(* Let $K\ge1$, $f_0^-\equiv0$, and let $f_1^-,\dots,f_K^-:\mathcal{S}\times\mathcal{A}\to\mathbb{R}$ and $b_1,\dots,b_K:\mathcal{S}\times\mathcal{A}\to[0,\infty)$ satisfy, for all $k\in\{1,\dots,K\}$ and all $(s,a)$, $$f_k^-(s,a)\le(\mathcal{T}f_{k-1}^-)(s,a)\le f_k^-(s,a)+2b_k(s,a).$$ For each $k$ let $\pi_k$ be a deterministic greedy policy w.r.t. $f_k^-$, i.e. $\pi_k(s)\in\arg\max_a f_k^-(s,a)$. Then for every (stationary) policy $\pi_{\mathrm{cp}}$, $$J_K(\pi_{\mathrm{cp}})-J_K(\pi_{K:1})\le2\sum_{t=0}^{K-1}\gamma^t\,\mathbb{E}_{(s,a)\sim d_t^{\pi_{\mathrm{cp}}}}[b_{K-t}(s,a)].$$
   Context: MDP $(\mathcal{S},\mathcal{A},P,R,\gamma,d_0)$ with finite $\mathcal{S},\mathcal{A}$, reward $R:\mathcal{S}\times\mathcal{A}\to[0,R_{\max}]$, $\gamma\in[0,1)$. The Bellman optimality operator is $(\mathcal{T}f)(s,a)=R(s,a)+\gamma\mathbb{E}_{s'\sim P(\cdot\mid s,a)}[\max_{a'}f(s',a')]$. The non-stationary policy $\pi_{K:1}$ generates $s_0\sim d_0$, $a_t\sim\pi_{K-t}(\cdot\mid s_t)$, $r_t=R(s_t,a_t)$, $s_{t+1}\sim P(\cdot\mid s_t,a_t)$ for $t=0,\dots,K-1$, and $J_K(\pi_{K:1})=\mathbb{E}[\sum_{t=0}^{K-1}\gamma^tr_t]$. For a stationary policy $\pi$, $J_K(\pi)$ is the same quantity with all $\pi_k=\pi$, and $d_t^\pi(s,a)=\Pr_\pi[s_t=s,a_t=a]$. *)

theory Defs
  imports Complex_Main
begin

text \<open>Finite MDP. States of type 's::finite, actions of type 'a::finite.
  Transition kernel P s a s' = Pr[s' | s, a]; initial distribution d0;
  (stochastic) policies are functions pol s a = Pr[a | s].\<close>

definition is_dist :: "('x::finite \<Rightarrow> real) \<Rightarrow> bool" where
  "is_dist p \<longleftrightarrow> (\<forall>x. 0 \<le> p x) \<and> (\<Sum>x\<in>UNIV. p x) = 1"

definition valid_mdp :: "('s::finite \<Rightarrow> 'a::finite \<Rightarrow> 's \<Rightarrow> real) \<Rightarrow> ('s \<Rightarrow> real) \<Rightarrow> bool" where
  "valid_mdp P d0 \<longleftrightarrow> (\<forall>s a. is_dist (P s a)) \<and> is_dist d0"

definition is_policy :: "('s::finite \<Rightarrow> 'a::finite \<Rightarrow> real) \<Rightarrow> bool" where
  "is_policy pol \<longleftrightarrow> (\<forall>s. is_dist (pol s))"

definition det_pol :: "('s \<Rightarrow> 'a) \<Rightarrow> 's \<Rightarrow> 'a \<Rightarrow> real" where
  "det_pol p s a = (if a = p s then 1 else 0)"

definition bellman ::
  "('s::finite \<Rightarrow> 'a::finite \<Rightarrow> 's \<Rightarrow> real) \<Rightarrow> ('s \<Rightarrow> 'a \<Rightarrow> real) \<Rightarrow> real
   \<Rightarrow> ('s \<Rightarrow> 'a \<Rightarrow> real) \<Rightarrow> 's \<Rightarrow> 'a \<Rightarrow> real" where
  "bellman P R \<gamma> f s a = R s a + \<gamma> * (\<Sum>s'\<in>UNIV. P s a s' * (MAX a'. f s' a'))"

fun state_dist ::
  "('s::finite \<Rightarrow> 'a::finite \<Rightarrow> 's \<Rightarrow> real) \<Rightarrow> ('s \<Rightarrow> real) \<Rightarrow> (nat \<Rightarrow> 's \<Rightarrow> 'a \<Rightarrow> real)
   \<Rightarrow> nat \<Rightarrow> 's \<Rightarrow> real" where
  "state_dist P d0 pols 0 s = d0 s"
| "state_dist P d0 pols (Suc t) s' =
     (\<Sum>s\<in>UNIV. \<Sum>a\<in>UNIV. state_dist P d0 pols t s * pols t s a * P s a s')"

definition occ ::
  "('s::finite \<Rightarrow> 'a::finite \<Rightarrow> 's \<Rightarrow> real) \<Rightarrow> ('s \<Rightarrow> real) \<Rightarrow> (nat \<Rightarrow> 's \<Rightarrow> 'a \<Rightarrow> real)
   \<Rightarrow> nat \<Rightarrow> 's \<Rightarrow> 'a \<Rightarrow> real" where
  "occ P d0 pols t s a = state_dist P d0 pols t s * pols t s a"

definition J ::
  "('s::finite \<Rightarrow> 'a::finite \<Rightarrow> 's \<Rightarrow> real) \<Rightarrow> ('s \<Rightarrow> 'a \<Rightarrow> real) \<Rightarrow> real \<Rightarrow> ('s \<Rightarrow> real)
   \<Rightarrow> nat \<Rightarrow> (nat \<Rightarrow> 's \<Rightarrow> 'a \<Rightarrow> real) \<Rightarrow> real" where
  "J P R \<gamma> d0 K pols = (\<Sum>t<K. \<gamma>^t * (\<Sum>s\<in>UNIV. \<Sum>a\<in>UNIV. occ P d0 pols t s a * R s a))"

definition nonstat :: "nat \<Rightarrow> (nat \<Rightarrow> 's \<Rightarrow> 'a) \<Rightarrow> nat \<Rightarrow> 's \<Rightarrow> 'a \<Rightarrow> real" where
  "nonstat K pis t = det_pol (pis (K - t))"

end

theory Submission
  imports Defs
begin

text \<open>Let V k s = (MAX a. f k s a), so V 0 = 0. For any policy sequence, telescoping the
  values V (K - t) along the trajectory writes the K-step return as the expectation of V K at
  the initial state plus the discounted expected Bellman residuals
  bellman P R \<gamma> (f (k - 1)) s a - V k s with k = K - t. The upper hypothesis bounds every
  residual by 2 * b k s a, which bounds the return of pi_cp from above; the lower hypothesis
  makes the residual at the greedy action pis k s nonnegative, so the return of the
  non-stationary greedy policy is at least the expectation of V K at the initial state.\<close>

lemma sum_discounted_telescope:
  "(\<Sum>t<K. (\<gamma>::real)^t * (x t - \<gamma> * x (Suc t))) = x 0 - \<gamma>^K * x K"
  by (induction K) (auto simp: algebra_simps)

lemma is_policy_det_pol: "is_policy (det_pol (p :: 's::finite \<Rightarrow> 'a::finite))"
  by (simp add: is_policy_def is_dist_def det_pol_def)

lemma state_dist_nonneg:
  assumes "valid_mdp P d0" and "\<And>t. is_policy (pols t)"
  shows "0 \<le> state_dist P d0 pols t s"
  using assms
  by (induction t arbitrary: s)
     (auto intro!: sum_nonneg simp: valid_mdp_def is_policy_def is_dist_def)

lemma occ_nonneg:
  assumes "valid_mdp P d0" and "\<And>t. is_policy (pols t)"
  shows "0 \<le> occ P d0 pols t s a"
  using state_dist_nonneg[OF assms] assms(2)
  by (simp add: occ_def is_policy_def is_dist_def)

lemma sum_state_dist_Suc:
  "(\<Sum>s'\<in>UNIV. state_dist P d0 pols (Suc t) s' * h s') =
   (\<Sum>s\<in>UNIV. \<Sum>a\<in>UNIV. occ P d0 pols t s a * (\<Sum>s'\<in>UNIV. P s a s' * h s'))"
proof -
  have "(\<Sum>s'\<in>UNIV. state_dist P d0 pols (Suc t) s' * h s') =
     (\<Sum>s'\<in>UNIV. \<Sum>s\<in>UNIV. \<Sum>a\<in>UNIV. occ P d0 pols t s a * (P s a s' * h s'))"
    by (simp add: sum_distrib_right mult.assoc occ_def)
  also have "\<dots> = (\<Sum>s\<in>UNIV. \<Sum>s'\<in>UNIV. \<Sum>a\<in>UNIV. occ P d0 pols t s a * (P s a s' * h s'))"
    by (rule sum.swap)
  also have "\<dots> = (\<Sum>s\<in>UNIV. \<Sum>a\<in>UNIV. \<Sum>s'\<in>UNIV. occ P d0 pols t s a * (P s a s' * h s'))"
    by (rule sum.cong[OF refl], rule sum.swap)
  finally show ?thesis
    by (simp only: sum_distrib_left)
qed

lemma sum_occ_state_value:
  assumes "is_policy (pols t)"
  shows "(\<Sum>s\<in>UNIV. \<Sum>a\<in>UNIV. occ P d0 pols t s a * v s) = (\<Sum>s\<in>UNIV. state_dist P d0 pols t s * v s)"
  using assms
  by (simp add: occ_def is_policy_def is_dist_def flip: sum_distrib_left sum_distrib_right)

lemma J_eq_value_plus_bellman_residuals:
  assumes "\<And>t. is_policy (pols t)"
  shows "J P R \<gamma> d0 K pols =
    (\<Sum>s\<in>UNIV. d0 s * v 0 s) - \<gamma>^K * (\<Sum>s\<in>UNIV. state_dist P d0 pols K s * v K s)
    + (\<Sum>t<K. \<gamma>^t * (\<Sum>s\<in>UNIV. \<Sum>a\<in>UNIV. occ P d0 pols t s a *
         (R s a + \<gamma> * (\<Sum>s'\<in>UNIV. P s a s' * v (Suc t) s') - v t s)))"
proof -
  define E where "E t = (\<Sum>s\<in>UNIV. state_dist P d0 pols t s * v t s)" for t
  define r where "r t = (\<Sum>s\<in>UNIV. \<Sum>a\<in>UNIV. occ P d0 pols t s a * R s a)" for t
  have residual: "(\<Sum>s\<in>UNIV. \<Sum>a\<in>UNIV. occ P d0 pols t s a *
      (R s a + \<gamma> * (\<Sum>s'\<in>UNIV. P s a s' * v (Suc t) s') - v t s))
    = r t - (E t - \<gamma> * E (Suc t))" for t
  proof -
    have "(\<Sum>s\<in>UNIV. \<Sum>a\<in>UNIV. occ P d0 pols t s a *
        (R s a + \<gamma> * (\<Sum>s'\<in>UNIV. P s a s' * v (Suc t) s') - v t s))
      = r t + \<gamma> * (\<Sum>s\<in>UNIV. \<Sum>a\<in>UNIV. occ P d0 pols t s a * (\<Sum>s'\<in>UNIV. P s a s' * v (Suc t) s'))
        - (\<Sum>s\<in>UNIV. \<Sum>a\<in>UNIV. occ P d0 pols t s a * v t s)"
      by (simp add: r_def algebra_simps sum.distrib sum_subtractf sum_distrib_left)
    also have "\<dots> = r t - (E t - \<gamma> * E (Suc t))"
      by (simp add: E_def sum_state_dist_Suc sum_occ_state_value[OF assms] del: state_dist.simps(2))
    finally show ?thesis .
  qed
  have "J P R \<gamma> d0 K pols = (\<Sum>t<K. \<gamma>^t * r t)"
    by (simp add: J_def r_def)
  also have "\<dots> = (\<Sum>t<K. \<gamma>^t * (E t - \<gamma> * E (Suc t)))
      + (\<Sum>t<K. \<gamma>^t * (r t - (E t - \<gamma> * E (Suc t))))"
    by (simp add: algebra_simps flip: sum.distrib)
  also have "\<dots> = E 0 - \<gamma>^K * E K + (\<Sum>t<K. \<gamma>^t * (r t - (E t - \<gamma> * E (Suc t))))"
    by (simp only: sum_discounted_telescope)
  finally show ?thesis
    by (simp add: residual E_def)
qed

lemma Max_eq_is_arg_max:
  fixes h :: "'a::finite \<Rightarrow> 'b::linorder"
  assumes "is_arg_max h (\<lambda>_. True) x"
  shows "(MAX a. h a) = h x"
  using assms by (intro Max_eqI) (auto simp: is_arg_max_def not_less)

lemma J_le_greedy_value_plus_bonus:
  fixes f b :: "nat \<Rightarrow> 's::finite \<Rightarrow> 'a::finite \<Rightarrow> real"
  assumes mdp: "valid_mdp P d0" and pols: "\<And>t. is_policy (pols t)" and \<gamma>: "0 \<le> \<gamma>"
    and f0: "f 0 = (\<lambda>s a. 0)"
    and upper: "\<And>k s a. k \<in> {1..K} \<Longrightarrow> bellman P R \<gamma> (f (k - 1)) s a \<le> f k s a + 2 * b k s a"
  shows "J P R \<gamma> d0 K pols \<le> (\<Sum>s\<in>UNIV. d0 s * (MAX a. f K s a))
    + 2 * (\<Sum>t<K. \<gamma>^t * (\<Sum>s\<in>UNIV. \<Sum>a\<in>UNIV. occ P d0 pols t s a * b (K - t) s a))"
proof -
  define v where "v t s = (MAX a. f (K - t) s a)" for t s
  have residual_le: "R s a + \<gamma> * (\<Sum>s'\<in>UNIV. P s a s' * v (Suc t) s') - v t s \<le> 2 * b (K - t) s a"
    if "t < K" for t s a
  proof -
    have "R s a + \<gamma> * (\<Sum>s'\<in>UNIV. P s a s' * v (Suc t) s') = bellman P R \<gamma> (f (K - t - 1)) s a"
      by (simp add: bellman_def v_def)
    also have "\<dots> \<le> f (K - t) s a + 2 * b (K - t) s a"
      using upper[of "K - t"] that by simp
    also have "f (K - t) s a \<le> v t s"
      by (simp add: v_def)
    finally show ?thesis by simp
  qed
  have "J P R \<gamma> d0 K pols = (\<Sum>s\<in>UNIV. d0 s * v 0 s)
    + (\<Sum>t<K. \<gamma>^t * (\<Sum>s\<in>UNIV. \<Sum>a\<in>UNIV. occ P d0 pols t s a *
         (R s a + \<gamma> * (\<Sum>s'\<in>UNIV. P s a s' * v (Suc t) s') - v t s)))"
    using J_eq_value_plus_bellman_residuals[OF pols, where v = v] by (simp add: v_def f0)
  also have "\<dots> \<le> (\<Sum>s\<in>UNIV. d0 s * v 0 s)
    + (\<Sum>t<K. \<gamma>^t * (\<Sum>s\<in>UNIV. \<Sum>a\<in>UNIV. occ P d0 pols t s a * (2 * b (K - t) s a)))"
    using \<gamma> residual_le occ_nonneg[OF mdp pols]
    by (intro add_left_mono sum_mono mult_left_mono) auto
  finally show ?thesis
    by (simp add: v_def sum_distrib_left mult_ac)
qed

lemma greedy_value_le_J_nonstat:
  fixes f :: "nat \<Rightarrow> 's::finite \<Rightarrow> 'a::finite \<Rightarrow> real"
  assumes mdp: "valid_mdp P d0" and \<gamma>: "0 \<le> \<gamma>" and f0: "f 0 = (\<lambda>s a. 0)"
    and lower: "\<And>k s a. k \<in> {1..K} \<Longrightarrow> f k s a \<le> bellman P R \<gamma> (f (k - 1)) s a"
    and greedy: "\<And>k s. k \<in> {1..K} \<Longrightarrow> is_arg_max (f k s) (\<lambda>_. True) (pis k s)"
  shows "(\<Sum>s\<in>UNIV. d0 s * (MAX a. f K s a)) \<le> J P R \<gamma> d0 K (nonstat K pis)"
proof -
  define v where "v t s = (MAX a. f (K - t) s a)" for t s
  have pols: "is_policy (nonstat K pis t)" for t
    by (simp add: nonstat_def is_policy_det_pol)
  have residual_nonneg: "0 \<le> occ P d0 (nonstat K pis) t s a *
      (R s a + \<gamma> * (\<Sum>s'\<in>UNIV. P s a s' * v (Suc t) s') - v t s)"
    if "t < K" for t s a
  proof (cases "a = pis (K - t) s")
    case True
    have "v t s = f (K - t) s a"
      using Max_eq_is_arg_max[OF greedy[of "K - t" s]] that True by (simp add: v_def)
    also have "\<dots> \<le> bellman P R \<gamma> (f (K - t - 1)) s a"
      using lower[of "K - t"] that by simp
    also have "\<dots> = R s a + \<gamma> * (\<Sum>s'\<in>UNIV. P s a s' * v (Suc t) s')"
      by (simp add: bellman_def v_def)
    finally show ?thesis
      using occ_nonneg[OF mdp pols] by simp
  next
    case False
    then show ?thesis
      by (simp add: occ_def nonstat_def det_pol_def)
  qed
  have "J P R \<gamma> d0 K (nonstat K pis) = (\<Sum>s\<in>UNIV. d0 s * v 0 s)
    + (\<Sum>t<K. \<gamma>^t * (\<Sum>s\<in>UNIV. \<Sum>a\<in>UNIV. occ P d0 (nonstat K pis) t s a *
         (R s a + \<gamma> * (\<Sum>s'\<in>UNIV. P s a s' * v (Suc t) s') - v t s)))"
    using J_eq_value_plus_bellman_residuals[OF pols, where v = v] by (simp add: v_def f0)
  also have "\<dots> \<ge> (\<Sum>s\<in>UNIV. d0 s * v 0 s)"
    using \<gamma> residual_nonneg
    by (intro add_increasing2 sum_nonneg mult_nonneg_nonneg[OF zero_le_power]) auto
  finally show ?thesis
    by (simp add: v_def)
qed

theorem mainTheorem13:
  fixes P :: "'s::finite \<Rightarrow> 'a::finite \<Rightarrow> 's \<Rightarrow> real"
    and R :: "'s \<Rightarrow> 'a \<Rightarrow> real" and Rmax \<gamma> :: real and d0 :: "'s \<Rightarrow> real"
    and K :: nat
    and f :: "nat \<Rightarrow> 's \<Rightarrow> 'a \<Rightarrow> real" and b :: "nat \<Rightarrow> 's \<Rightarrow> 'a \<Rightarrow> real"
    and pis :: "nat \<Rightarrow> 's \<Rightarrow> 'a" and pi_cp :: "'s \<Rightarrow> 'a \<Rightarrow> real"
  assumes mdp: "valid_mdp P d0"
    and R_range: "\<forall>s a. 0 \<le> R s a \<and> R s a \<le> Rmax"
    and gamma: "0 \<le> \<gamma>" "\<gamma> < 1"
    and K: "1 \<le> K"
    and f0: "f 0 = (\<lambda>s a. 0)"
    and b_nonneg: "\<forall>k\<in>{1..K}. \<forall>s a. 0 \<le> b k s a"
    and lower: "\<forall>k\<in>{1..K}. \<forall>s a. f k s a \<le> bellman P R \<gamma> (f (k - 1)) s a"
    and upper: "\<forall>k\<in>{1..K}. \<forall>s a. bellman P R \<gamma> (f (k - 1)) s a \<le> f k s a + 2 * b k s a"
    and greedy: "\<forall>k\<in>{1..K}. \<forall>s. is_arg_max (f k s) (\<lambda>_. True) (pis k s)"
    and cp: "is_policy pi_cp"
  shows "J P R \<gamma> d0 K (\<lambda>_. pi_cp) - J P R \<gamma> d0 K (nonstat K pis)
         \<le> 2 * (\<Sum>t<K. \<gamma>^t * (\<Sum>s\<in>UNIV. \<Sum>a\<in>UNIV. occ P d0 (\<lambda>_. pi_cp) t s a * b (K - t) s a))"
proof -
  have "J P R \<gamma> d0 K (\<lambda>_. pi_cp) \<le> (\<Sum>s\<in>UNIV. d0 s * (MAX a. f K s a))
    + 2 * (\<Sum>t<K. \<gamma>^t * (\<Sum>s\<in>UNIV. \<Sum>a\<in>UNIV. occ P d0 (\<lambda>_. pi_cp) t s a * b (K - t) s a))"
    by (rule J_le_greedy_value_plus_bonus[where f = f]) (use mdp cp gamma f0 upper in auto)
  moreover have "(\<Sum>s\<in>UNIV. d0 s * (MAX a. f K s a)) \<le> J P R \<gamma> d0 K (nonstat K pis)"
    by (rule greedy_value_le_J_nonstat[where f = f]) (use mdp gamma f0 lower greedy in auto)
  ultimately show ?thesis
    by linarith
qed

end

* * *

WHAT TO PRODUCE:
From the records above, retype only the lines starting at the line that contains "text \<open>Let V" and ending at the line that contains "(p :: 's::finite", both included.

WRITTEN ANSWER:
text \<open>Let V k s = (MAX a. f k s a), so V 0 = 0. For any policy sequence, telescoping the
  values V (K - t) along the trajectory writes the K-step return as the expectation of V K at
  the initial state plus the discounted expected Bellman residuals
  bellman P R \<gamma> (f (k - 1)) s a - V k s with k = K - t. The upper hypothesis bounds every
  residual by 2 * b k s a, which bounds the return of pi_cp from above; the lower hypothesis
  makes the residual at the greedy action pis k s nonnegative, so the return of the
  non-stationary greedy policy is at least the expectation of V K at the initial state.\<close>

lemma sum_discounted_telescope:
  "(\<Sum>t<K. (\<gamma>::real)^t * (x t - \<gamma> * x (Suc t))) = x 0 - \<gamma>^K * x K"
  by (induction K) (auto simp: algebra_simps)

lemma is_policy_det_pol: "is_policy (det_pol (p :: 's::finite \<Rightarrow> 'a::finite))"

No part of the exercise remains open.